lemma gcd_lcm_mat_index:
  assumes "i < n" "j < n"
  shows "gcd_lcm_mat n \<alpha> \<beta> $$ (i, j) = real (Suc i) powr \<beta> * real (Suc j) powr \<beta>
      * (\<Sum>k<n. E_mat n $$ (i, k) * E_mat n $$ (j, k) * Jordan_tot (\<alpha> - \<beta>) (Suc k))"
proof -
  have "gcd_lcm_mat n \<alpha> \<beta> $$ (i, j) = real (gcd (Suc i) (Suc j)) powr \<alpha> * real (lcm (Suc i) (Suc j)) powr \<beta>"
    using assms by (simp add: gcd_lcm_mat_def)
  also have "\<dots> = real (Suc i) powr \<beta> * real (Suc j) powr \<beta> * real (gcd (Suc i) (Suc j)) powr (\<alpha> - \<beta>)"
    by (rule gcd_powr_lcm_powr) simp_all
  also have "real (gcd (Suc i) (Suc j)) powr (\<alpha> - \<beta>)
      = (\<Sum>k<n. E_mat n $$ (i, k) * E_mat n $$ (j, k) * Jordan_tot (\<alpha> - \<beta>) (Suc k))"
    using assms by (simp add: gcd_powr_eq_sum_Jordan_tot E_mat_index)
  finally show ?thesis .
qed

lemma bilin_form_gcd_lcm_mat:
  "bilin_form (gcd_lcm_mat n \<alpha> \<beta>) x x
    = (\<Sum>k<n. Jordan_tot (\<alpha> - \<beta>) (Suc k) * (\<Sum>i<n. E_mat n $$ (i, k) * (real (Suc i) powr \<beta> * x i))\<^sup>2)"
proof -
  define z where "z i k = E_mat n $$ (i, k) * (real (Suc i) powr \<beta> * x i)" for i k
  define J where "J k = Jordan_tot (\<alpha> - \<beta>) (Suc k)" for k
  have dim: "dim_row (gcd_lcm_mat n \<alpha> \<beta>) = n"
    by (simp add: gcd_lcm_mat_def)
  have "bilin_form (gcd_lcm_mat n \<alpha> \<beta>) x x = (\<Sum>i<n. \<Sum>j<n. \<Sum>k<n. J k * (z i k * z j k))"
    unfolding bilin_form_def dim
    by (intro sum.cong refl) (simp add: gcd_lcm_mat_index z_def J_def sum_distrib_left mult_ac)
  also have "\<dots> = (\<Sum>i<n. \<Sum>k<n. \<Sum>j<n. J k * (z i k * z j k))"
    by (intro sum.cong refl sum.swap)
  also have "\<dots> = (\<Sum>k<n. \<Sum>i<n. \<Sum>j<n. J k * (z i k * z j k))"
    by (rule sum.swap)
  also have "\<dots> = (\<Sum>k<n. J k * (\<Sum>i<n. z i k)\<^sup>2)"
    unfolding power2_eq_square sum_product by (simp only: sum_distrib_left)
  finally show ?thesis
    by (simp add: z_def J_def)
qed

lemma bilin_form_gcd_lcm_mat_le:
  assumes "0 < n"
  shows "bilin_form (gcd_lcm_mat n \<alpha> \<beta>) x x
    \<le> T_max n * max 1 (real n powr (2 * \<beta>)) * Max ((\<lambda>i. \<bar>Jordan_tot (\<alpha> - \<beta>) i\<bar>) ` {1..n})
      * sum_sq n x"
proof -
  define m where "m = Max ((\<lambda>i. \<bar>Jordan_tot (\<alpha> - \<beta>) i\<bar>) ` {1..n})"
  define c where "c = max 1 (real n powr (2 * \<beta>))"
  define z where "z i = real (Suc i) powr \<beta> * x i" for i
  have abs_J_le: "\<bar>Jordan_tot (\<alpha> - \<beta>) (Suc k)\<bar> \<le> m" if "k < n" for k
    unfolding m_def using that by (intro Max_ge) auto
  then have J_le: "Jordan_tot (\<alpha> - \<beta>) (Suc k) \<le> m" if "k < n" for k
    using that abs_ge_self order_trans by blast
  have "m \<ge> 0"
    using abs_J_le[of 0] assms by simp
  have "sum_sq n z \<le> c * sum_sq n x"
    unfolding sum_sq_def sum_distrib_left
  proof (rule sum_mono)
    fix i assume "i \<in> {..<n}"
    then have "real (Suc i) powr (2 * \<beta>) \<le> c"
      unfolding c_def by (intro powr_le_max_one_powr) auto
    moreover have "(real (Suc i) powr \<beta>)\<^sup>2 = real (Suc i) powr (2 * \<beta>)"
      by (simp only: power2_eq_square powr_add[symmetric] mult_2)
    then have "(z i)\<^sup>2 = real (Suc i) powr (2 * \<beta>) * (x i)\<^sup>2"
      unfolding z_def power_mult_distrib by simp
    ultimately show "(z i)\<^sup>2 \<le> c * (x i)\<^sup>2"
      by (simp add: mult_right_mono)
  qed
  have "bilin_form (gcd_lcm_mat n \<alpha> \<beta>) x x
      \<le> (\<Sum>k<n. m * (\<Sum>i<n. E_mat n $$ (i, k) * z i)\<^sup>2)"
    unfolding bilin_form_gcd_lcm_mat z_def[symmetric]
    by (intro sum_mono mult_right_mono J_le) auto
  also have "\<dots> \<le> m * (T_max n * sum_sq n z)"
    using sum_sq_E_mat_transpose_le[OF assms] \<open>m \<ge> 0\<close>
    by (simp add: sum_distrib_left[symmetric] mult_left_mono)
  also have "\<dots> \<le> m * (T_max n * (c * sum_sq n x))"
    using \<open>sum_sq n z \<le> c * sum_sq n x\<close> \<open>m \<ge> 0\<close> T_max_nonneg[OF assms]
    by (intro mult_left_mono) auto
  finally show ?thesis
    by (simp add: m_def c_def mult_ac)
qed

lemma bilin_form_add_abs_ge:
  assumes A: "A \<in> carrier_mat n n"
    and nonneg: "\<And>i j. i < n \<Longrightarrow> j < n \<Longrightarrow> A $$ (i, j) \<ge> 0"
    and diag: "\<And>i. i < n \<Longrightarrow> A $$ (i, i) \<ge> d"
  shows "2 * d * sum_sq n x \<le> bilin_form A x x + bilin_form A (\<lambda>i. \<bar>x i\<bar>) (\<lambda>i. \<bar>x i\<bar>)"
proof -
  define f where "f i j = (x i * x j + \<bar>x i * x j\<bar>) * A $$ (i, j)" for i j
  have f_nonneg: "f i j \<ge> 0" if "i < n" "j < n" for i j
    using nonneg[OF that] unfolding f_def by (simp add: abs_ge_minus_self)
  have "2 * d * sum_sq n x \<le> (\<Sum>i<n. f i i)"
    unfolding sum_sq_def sum_distrib_left
  proof (rule sum_mono)
    fix i assume "i \<in> {..<n}"
    then have "d * (x i)\<^sup>2 \<le> A $$ (i, i) * (x i)\<^sup>2"
      using diag by (intro mult_right_mono) auto
    then show "2 * d * (x i)\<^sup>2 \<le> f i i"
      by (simp add: f_def abs_mult_self_eq power2_eq_square mult_ac)
  qed
  also have "\<dots> \<le> (\<Sum>i<n. \<Sum>j<n. f i j)"
    using f_nonneg by (intro sum_mono member_le_sum) auto
  also have "\<dots> = bilin_form A x x + bilin_form A (\<lambda>i. \<bar>x i\<bar>) (\<lambda>i. \<bar>x i\<bar>)"
  proof -
    have "f i j = x i * A $$ (i, j) * x j + \<bar>x i\<bar> * A $$ (i, j) * \<bar>x j\<bar>" for i j
      by (simp add: f_def abs_mult algebra_simps)
    then show ?thesis
      using A unfolding bilin_form_def by (simp add: sum.distrib)
  qed
  finally show ?thesis .
qed

lemma gcd_lcm_mat_diag_ge:
  assumes "i < n"
  shows "gcd_lcm_mat n \<alpha> \<beta> $$ (i, i) \<ge> min 1 (real n powr (\<alpha> + \<beta>))"
proof -
  have "gcd_lcm_mat n \<alpha> \<beta> $$ (i, i) = real (Suc i) powr (\<alpha> + \<beta>)"
    using assms by (simp add: gcd_lcm_mat_def powr_add)
  then show ?thesis
    using assms by (simp add: min_one_powr_le_powr)
qed

theorem theorem3p2:
  fixes n :: nat and \<alpha> \<beta> ev :: real
  assumes "n \<ge> 1"
    and "eigenvalue (gcd_lcm_mat n \<alpha> \<beta>) ev"
  defines "M \<equiv> T_max n * max 1 (real n powr (2 * \<beta>))
                 * Max ((\<lambda>i. \<bar>Jordan_tot (\<alpha> - \<beta>) i\<bar>) ` {1..n})"
  shows "2 * min 1 (real n powr (\<alpha> + \<beta>)) - M \<le> ev \<and> ev \<le> M"
proof -
  let ?A = "gcd_lcm_mat n \<alpha> \<beta>"
  have A: "?A \<in> carrier_mat n n" and "0 < n"
    using assms(1) by (simp_all add: gcd_lcm_mat_def)
  obtain x where x: "sum_sq n x > 0" "bilin_form ?A x x = ev * sum_sq n x"
    using eigenvalue_imp_bilin_form_eq[OF A assms(2)] by blast
  have upper: "bilin_form ?A y y \<le> M * sum_sq n y" for y
    unfolding M_def by (rule bilin_form_gcd_lcm_mat_le[OF \<open>0 < n\<close>])
  have "2 * min 1 (real n powr (\<alpha> + \<beta>)) * sum_sq n x
      \<le> bilin_form ?A x x + bilin_form ?A (\<lambda>i. \<bar>x i\<bar>) (\<lambda>i. \<bar>x i\<bar>)"
    by (intro bilin_form_add_abs_ge[OF A] gcd_lcm_mat_diag_ge)
      (simp add: gcd_lcm_mat_def)
  also have "\<dots> \<le> ev * sum_sq n x + M * sum_sq n x"
    using x(2) upper[of "\<lambda>i. \<bar>x i\<bar>"] by (simp add: sum_sq_def)
  finally have "(2 * min 1 (real n powr (\<alpha> + \<beta>)) - M) * sum_sq n x \<le> ev * sum_sq n x"
    by (simp add: algebra_simps)
  then have "2 * min 1 (real n powr (\<alpha> + \<beta>)) - M \<le> ev"
    using x(1) by (simp add: mult_le_cancel_right_pos)
  moreover have "ev \<le> M"
    using x upper[of x] by simp
  ultimately show ?thesis ..
qed

end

_EXERCISE DETAILS_: All lines from the opening of the listing above through the line that contains "by (rule gcd_powr_lcm_powr) simp_all" should be given again exactly, and nothing more.

_EXERCISE RESPONSE_:
lemma gcd_lcm_mat_index:
  assumes "i < n" "j < n"
  shows "gcd_lcm_mat n \<alpha> \<beta> $$ (i, j) = real (Suc i) powr \<beta> * real (Suc j) powr \<beta>
      * (\<Sum>k<n. E_mat n $$ (i, k) * E_mat n $$ (j, k) * Jordan_tot (\<alpha> - \<beta>) (Suc k))"
proof -
  have "gcd_lcm_mat n \<alpha> \<beta> $$ (i, j) = real (gcd (Suc i) (Suc j)) powr \<alpha> * real (lcm (Suc i) (Suc j)) powr \<beta>"
    using assms by (simp add: gcd_lcm_mat_def)
  also have "\<dots> = real (Suc i) powr \<beta> * real (Suc j) powr \<beta> * real (gcd (Suc i) (Suc j)) powr (\<alpha> - \<beta>)"
    by (rule gcd_powr_lcm_powr) simp_all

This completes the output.